TIPE-TIPE MEKANISME ASFIKSIA MEKANIK

Tekanan pada leher

Tiga bentuk aplikasi tekanan langsung pada leher: manual strangulation, ligature

strangulation, dan hanging. Pada setiap bentuk ini, tidak mungkin untuk memprediksikan

seberapa cepat kematian akan terjadi. Pada beberapa kasus, kematian secara relatif berjalan

lambat, memungkinkan terbentuknya ‘tanda-tanda klasik asfiksia’ (meskipun tanda-tanda

klasik dapat muncul setelah tekanan pada leher dalam beberapa detik), sementara pada kasus

lainnya tanda-tanda tersebut bisa tidak didapatkan.

Tekanan pada leher dapat menyebabkan hal-hal berikut, sifat pasti dari hal-hal

tersebut bergantung pada tipe, tempat, dan derajat tekanan:

Obstruksi vena jugularis, menyebabkan gangguan pada aliran darah kembali dari kepala

ke jantung (mengakibatkan sianosis, kongesti dan petekie)

Obtruksi arteri karotid, bila parah dapat menyebabkan hipoksis serebral.

Stimulasi baroreseptor sinus karotid pada bifurkasi common carotid artery, menyebabkan

henti jantung.

Elevasi laring dan lidah, menutup jalan nafas pada level faring.

‘Inhibisi vagal’ atau refleks henti jantung

Sudah dikenali bahwa stimulasi mekanik pada baroreseptor sinus karotid di leher

dapat berakibat pada hasil akhir yang tidak dapat diprediksi dan terkadang fatal. Stimulasi

pada baroreseptor sinus karotid menyebabkan ditransmisikannya impuls via saraf sinus

carotid (cabang dari saraf glosofaringeal) ke nukleus di traktus solitarius dan vagal nuclei di

medula. Impuls parasimpatetik berjalan turun ke jantung cia saraf vagus, menyebabkan

bradikardia dan kemungkinan asistol.

Kematian dapat terjadi kapan saja setelah adanya tekanan pada leher, dan

diperkirakan bahwa ‘inhibisi vagal’ menjelaskan mengapa banyak orang yang ditemukan

tergantung tidak menunjukkan tanda-tanda klasik asfiksia. Lamanya waktu yang harus

dipertahankan oleh tekanan pada leher atau dada untuk menghasilkan kongesti atau petekie

pada korban hidup masih dalam kontroversi, tapi secara umum diterima bahwa minimal 10-

130 detik diperlukan. Saat tidak ada petekie, dan bila kematian dikarenakan tekanan pada

leher, kematian diperkirakan terjadi dalam rentang waktu tersebut.

Strangulasi

Manual strangulation digunakan untuk

mendeksripsikan pemberian tekanan pada leher

menggunakan tangan, dan merupakan cara yang relatif

umum dgunakan untuk pembunuhan, terutama bila ada

perbedaan ukuran tubuh antara pelaku dan korban.

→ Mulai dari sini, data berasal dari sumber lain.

lemma distinct_if_length_gdist:
  assumes ws: "is_walk E ws" "length ws = Suc (gdist E (hd ws) (last ws))"
  shows "distinct ws"
proof (rule ccontr)
  assume "\<not> distinct ws"
  then obtain xs ys zs y where split: "ws = xs @ [y] @ ys @ [y] @ zs"
    using not_distinct_decomp by blast
  have "successively E ((xs @ [y]) @ ys @ [y] @ zs)"
    using ws(1) split by (simp add: is_walk_iff_successively)
  then have "successively E ((xs @ [y]) @ zs)"
    unfolding successively_append_iff by (cases zs) auto
  then have "is_walk E (xs @ [y] @ zs)" by (simp add: is_walk_iff_successively)
  moreover have "hd (xs @ [y] @ zs) = hd ws"
    using split by (cases xs) simp_all
  moreover have "last (xs @ [y] @ zs) = last ws"
    using split by (cases "zs = []") simp_all
  ultimately show False
    using gdist_le_walk_length[of E "xs @ [y] @ zs"] ws(2) split by simp
qed

context
  fixes E :: "'v \<Rightarrow> 'v \<Rightarrow> bool"
  assumes tree: "is_tree E"
begin

lemma tree_sym: "E u v \<Longrightarrow> E v u"
  using tree unfolding is_tree_def by blast

lemma tree_irrefl: "\<not> E v v"
  using tree unfolding is_tree_def by blast

lemma tree_simple_walk_unique:
  assumes "is_walk E ws" "distinct ws" "is_walk E ws'" "distinct ws'"
    and "hd ws = hd ws'" "last ws = last ws'"
  shows "ws = ws'"
proof -
  have "\<exists>!w. is_walk E w \<and> distinct w \<and> hd w = hd ws \<and> last w = last ws"
    using tree unfolding is_tree_def by blast
  from the1_equality[OF this, of ws] the1_equality[OF this, of ws'] show ?thesis
    using assms by simp
qed

lemma obtain_shortest_walk:
  obtains ws where "is_walk E ws" "hd ws = u" "last ws = v" "length ws = Suc (gdist E u v)"
    "distinct ws"
proof -
  have "\<exists>!ws. is_walk E ws \<and> distinct ws \<and> hd ws = u \<and> last ws = v"
    using tree unfolding is_tree_def by blast
  from ex1_implies_ex[OF this] obtain ws0 where "is_walk E ws0" "hd ws0 = u" "last ws0 = v"
    by auto
  moreover have "length ws0 = Suc (length ws0 - 1)"
    using \<open>is_walk E ws0\<close> by (simp add: is_walk_def)
  ultimately have "\<exists>n ws. is_walk E ws \<and> hd ws = u \<and> last ws = v \<and> length ws = Suc n"
    by blast
  then have "\<exists>ws. is_walk E ws \<and> hd ws = u \<and> last ws = v \<and> length ws = Suc (gdist E u v)"
    unfolding gdist_def by (rule LeastI_ex)
  then obtain ws where ws: "is_walk E ws" "hd ws = u" "last ws = v" "length ws = Suc (gdist E u v)"
    by blast
  moreover have "distinct ws" using distinct_if_length_gdist[of E ws] ws by simp
  ultimately show ?thesis using that by blast
qed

Tanda-tanda eksternal pada strangulasi manual

termasuk: luka memar dan lecet pada bagian depan dan samping leher, serta rahang bawah;

pola luka pada permukaan kulit seringkali sulit untuk diinterpretasikan karena sifat serangan

yang dinamis, dan kemungkinan adanya pengulangan pemberian tekanan saat strangulasi.

Luka memar disebabkan tekanan ujung jari (luka memar berbentuk bulat atau oval berukuran

sekitar 2 cm) dan garukan kuku jari (luka lecet atau cetakan berbentuk linear atau bulan sabit)

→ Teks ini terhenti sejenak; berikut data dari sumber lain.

theory Submission
  imports Defs "HOL-Analysis.L2_Norm"
begin

(* Fix i and let x, xh, y be the i-th columns of X, Xh, Y. The two factorizations give
   J y = c x, J^T x = c y, Jc y = s xh and Jc^T xh = s y. With g = R^-1 V y, A = QA R and
   B = QB R, the Lanczos relations become A g = c uA, B g = s uB and
     A^T uA = c z + P w,   B^T uB = s z + Q w,
   where z = R^T V y, w = R^T v, P = alpha e_(k+1)^T x and Q = beta e_k^T xh.
   In both residuals the z-components cancel, leaving s t w and -c t w with t = s P - c Q, so the
   residual norm is |t| ||w|| since c^2 + s^2 = 1. Finally |t| <= sqrt (P^2 + Q^2) by
   Cauchy-Schwarz in the plane, and ||w|| = ||R^T v|| <= ||R||. *)

lemma scalar_prod_self_nonneg: "0 \<le> (u :: real vec) \<bullet> u"
  by (auto simp: scalar_prod_def intro!: sum_nonneg)

lemma vnorm2_nonneg: "0 \<le> vnorm2 u"
  by (simp add: vnorm2_def scalar_prod_self_nonneg)

lemma power2_vnorm2: "(vnorm2 u)\<^sup>2 = u \<bullet> u"
  by (simp add: vnorm2_def scalar_prod_self_nonneg)

lemma vnorm2_smult: "vnorm2 (a \<cdot>\<^sub>v u) = \<bar>a\<bar> * vnorm2 u"
proof -
  have "(a \<cdot>\<^sub>v u) \<bullet> (a \<cdot>\<^sub>v u) = a\<^sup>2 * (u \<bullet> u)"
    by (simp add: scalar_prod_def sum_distrib_left power2_eq_square algebra_simps)
  then show ?thesis
    by (simp add: vnorm2_def real_sqrt_mult)
qed

lemma vnorm2_eq_0_iff:
  assumes "u \<in> carrier_vec n"
  shows "vnorm2 u = 0 \<longleftrightarrow> u = 0\<^sub>v n"
proof -
  have "vnorm2 u = 0 \<longleftrightarrow> (\<forall>i\<in>{0..<n}. (u $ i)\<^sup>2 = 0)"
    using assms by (simp add: vnorm2_def scalar_prod_def power2_eq_square [symmetric] sum_nonneg_eq_0_iff)
  also have "\<dots> \<longleftrightarrow> u = 0\<^sub>v n"
    using assms by (auto simp: vec_eq_iff)
  finally show ?thesis .
qed

lemma abs_scalar_prod_le_vnorm2:
  assumes "u \<in> carrier_vec n" "w \<in> carrier_vec n"
  shows "\<bar>u \<bullet> w\<bar> \<le> vnorm2 u * vnorm2 w"
proof -
  have "\<bar>u \<bullet> w\<bar> \<le> (\<Sum>i<n. \<bar>u $ i\<bar> * \<bar>w $ i\<bar>)"
    using assms by (simp add: scalar_prod_def atLeast0LessThan abs_mult [symmetric] sum_abs)
  also have "\<dots> \<le> L2_set (\<lambda>i. u $ i) {..<n} * L2_set (\<lambda>i. w $ i) {..<n}"
    by (rule L2_set_mult_ineq)
  also have "\<dots> = vnorm2 u * vnorm2 w"
    using assms by (simp add: L2_set_def vnorm2_def scalar_prod_def atLeast0LessThan power2_eq_square)
  finally show ?thesis .
qed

dapat terlihat; garukan kuku jari dapat dibuat oleh pelaku maupun korban.

Saat tekanan pada leher dipertahankan, tambahan tanda-tanda strangulasi manual

dapat mencakup tanda-tanda klasik asfiksia, termasuk petekie wajah. Pada korban hidup,

evaluasi klinis dapat menunjukkan rasa sakit saat menelan, suara serak, stridor, sakit pada

leher, kepala atau punggung.

Ligature strangulation dapat merupakan pembunuhan,

bunuh diri, atau kecelakaan dan melibatkan pemberian tekanan

pada leher oleh benda yang dapat mengkonstriksikan leher, seperti

scarf, dasi, stocking, kabel telepon, dsb. Seringkali terdapat

demarkasi yang jelas pada kongesti, sianosis, dan petekie di atas

level ikatan, dan biasanya terdapat ‘ligatire mark’ pada leher di

tempat konstriksi. Tanda ini kemungkinan terbentuk dari

kombinasi kompresi dan abrasi pada kulit, dan dapat merefleksikan

sifat ikatan itu sendiri, menirukan pola dari ikatan. Tanda ligature

strangulation pada leher dapat mengelilingi leher secara horizontal.

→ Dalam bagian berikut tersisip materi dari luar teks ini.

(* Let $G$ be a graph, $r\ge1$, and let $H$ be a minor of $G$ with minor model $(H_1,\dots,H_n)$ such that each $H_i$, $i\in\{1,\dots,n\}$, has diameter at most $\lfloor\frac{r-1}{2}\rfloor$. Then $\mathrm{degeneracy}(H)+1\le\mathrm{wcol}_r(G)$.
   Context: All graphs are finite, undirected, without loops. A path has length equal to its number of vertices minus one. For a linear ordering $L$ of $V(G)$ and $v\in V(G)$, $\mathrm{Wreach}_r(G,L,v)$ is the set of vertices $u$ such that there is a path $P$ of length at most $r$ between $u$ and $v$ with $u\preceq_L w$ for all $w\in V(P)$; $\mathrm{wcol}_r(G,L)=\max_v|\mathrm{Wreach}_r(G,L,v)|$, and $\mathrm{wcol}_r(G)$ is the minimum of $\mathrm{wcol}_r(G,L)$ over all linear orderings $L$ of $V(G)$. A graph $H$ with $V(H)=\{v_1,\dots,v_n\}$ is a minor of $G$ with minor model $(H_1,\dots,H_n)$ if $H_1,\dots,H_n$ are pairwise vertex-disjoint connected subgraphs of $G$ such that whenever $\{v_i,v_j\}\in E(H)$ there are $u_i\in V(H_i)$, $u_j\in V(H_j)$ with $\{u_i,u_j\}\in E(G)$. The diameter of a connected graph is the maximum distance (within that graph) between two of its vertices. The degeneracy of $H$ is the least $d$ such that every nonempty subgraph of $H$ has a vertex of degree at most $d$. *)

theory Defs
  imports Main
begin

definition graph :: "'a set \<Rightarrow> 'a set set \<Rightarrow> bool" where
  "graph V E \<longleftrightarrow> finite V \<and> (\<forall>e\<in>E. \<exists>u v. u \<noteq> v \<and> u \<in> V \<and> v \<in> V \<and> e = {u, v})"

text \<open>A path in (V,E): a nonempty list of distinct vertices of V, consecutive ones adjacent.
Its length is the number of vertices minus one.\<close>
definition is_path :: "'a set \<Rightarrow> 'a set set \<Rightarrow> 'a list \<Rightarrow> bool" where
  "is_path V E P \<longleftrightarrow> P \<noteq> [] \<and> distinct P \<and> set P \<subseteq> V \<and>
     (\<forall>i. Suc i < length P \<longrightarrow> {P ! i, P ! Suc i} \<in> E)"

definition path_between :: "'a set \<Rightarrow> 'a set set \<Rightarrow> 'a list \<Rightarrow> 'a \<Rightarrow> 'a \<Rightarrow> bool" where
  "path_between V E P u v \<longleftrightarrow> is_path V E P \<and> hd P = u \<and> last P = v"

definition subgraph :: "'a set \<Rightarrow> 'a set set \<Rightarrow> 'a set \<Rightarrow> 'a set set \<Rightarrow> bool" where
  "subgraph V' E' V E \<longleftrightarrow> V' \<subseteq> V \<and> E' \<subseteq> E \<and> (\<forall>e\<in>E'. e \<subseteq> V')"

definition connected_graph :: "'a set \<Rightarrow> 'a set set \<Rightarrow> bool" where
  "connected_graph V E \<longleftrightarrow> V \<noteq> {} \<and> (\<forall>u\<in>V. \<forall>v\<in>V. \<exists>P. path_between V E P u v)"

definition diameter_le :: "'a set \<Rightarrow> 'a set set \<Rightarrow> nat \<Rightarrow> bool" where
  "diameter_le V E k \<longleftrightarrow> (\<forall>u\<in>V. \<forall>v\<in>V. \<exists>P. path_between V E P u v \<and> length P - 1 \<le> k)"

text \<open>Linear orderings of V are represented by lists enumerating V without repetition;
u precedes-or-equals w iff index of u \<le> index of w.\<close>
definition linear_ordering :: "'a set \<Rightarrow> 'a list \<Rightarrow> bool" where
  "linear_ordering V L \<longleftrightarrow> distinct L \<and> set L = V"

definition ord_le :: "'a list \<Rightarrow> 'a \<Rightarrow> 'a \<Rightarrow> bool" where
  "ord_le L u w \<longleftrightarrow> (\<exists>i j. i \<le> j \<and> j < length L \<and> L ! i = u \<and> L ! j = w)"

definition Wreach :: "nat \<Rightarrow> 'a set \<Rightarrow> 'a set set \<Rightarrow> 'a list \<Rightarrow> 'a \<Rightarrow> 'a set" where
  "Wreach r V E L v = {u. \<exists>P. path_between V E P u v \<and> length P - 1 \<le> r \<and>
                             (\<forall>w\<in>set P. ord_le L u w)}"

definition wcol_ord :: "nat \<Rightarrow> 'a set \<Rightarrow> 'a set set \<Rightarrow> 'a list \<Rightarrow> nat" where
  "wcol_ord r V E L = Max ((\<lambda>v. card (Wreach r V E L v)) ` V)"

definition wcol :: "nat \<Rightarrow> 'a set \<Rightarrow> 'a set set \<Rightarrow> nat" where
  "wcol r V E = Min {wcol_ord r V E L | L. linear_ordering V L}"

definition minor_model :: "'b set \<Rightarrow> 'b set set \<Rightarrow> 'a set \<Rightarrow> 'a set set
     \<Rightarrow> ('b \<Rightarrow> 'a set) \<Rightarrow> ('b \<Rightarrow> 'a set set) \<Rightarrow> bool" where
  "minor_model VH EH V E MV ME \<longleftrightarrow>
     (\<forall>x\<in>VH. subgraph (MV x) (ME x) V E \<and> connected_graph (MV x) (ME x)) \<and>
     (\<forall>x\<in>VH. \<forall>y\<in>VH. x \<noteq> y \<longrightarrow> MV x \<inter> MV y = {}) \<and>
     (\<forall>x y. {x, y} \<in> EH \<longrightarrow> (\<exists>u\<in>MV x. \<exists>w\<in>MV y. {u, w} \<in> E))"

definition degree_in :: "'b set set \<Rightarrow> 'b \<Rightarrow> nat" where
  "degree_in F v = card {e\<in>F. v \<in> e}"

definition degenerate_le :: "'b set \<Rightarrow> 'b set set \<Rightarrow> nat \<Rightarrow> bool" where
  "degenerate_le V E d \<longleftrightarrow>
     (\<forall>S F. subgraph S F V E \<and> S \<noteq> {} \<longrightarrow> (\<exists>v\<in>S. degree_in F v \<le> d))"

Mungkin terdapat tanda yang mengarahkan pada adanya simpul

ikatan, tapi tidak ada pola yang menunjukkan adanya suspension

point, membedakan ligature strangulation dari hanging. Pada

pemeriksaan post-mortem, tanda-tanda ligature seringkali terlihat

seperti pita-pita perkamen coklat, merefleksikan pengeringan kulit

yang terabrasi saat post-mortem.

Jangkuan cedera ke jaringan, otot, dan tulang pada leher

bervariasi tergantung pada sifat tekanan pad aleher. Diseksi post-

mortem pada leher harus selalu dilakukan setelah ‘drainage’

vaksularisasi pada leher, yang dicapai dengan cara mendiseksi

setelah pengeluaran otak dan jantung. Teknik tersebut menghindari produksi perdarahan

artefak pada bagian belakang laring. Mungkin terdapat memar di sepanjang otot di leher dan

cedera pada kornu superior kartilago tiroid. Cedera internal pada leher biasanya kurang

ekstensif pada ligature strangulation, dengan perdarahan seringkali lebih terlokalisasi pada

tempat ikatan.

Hanging

Penggantungan mendeskripsikan suspensi tubuh oleh

leher. Tekanan ikatan pada leher dihasilkan oleh berat tubuh.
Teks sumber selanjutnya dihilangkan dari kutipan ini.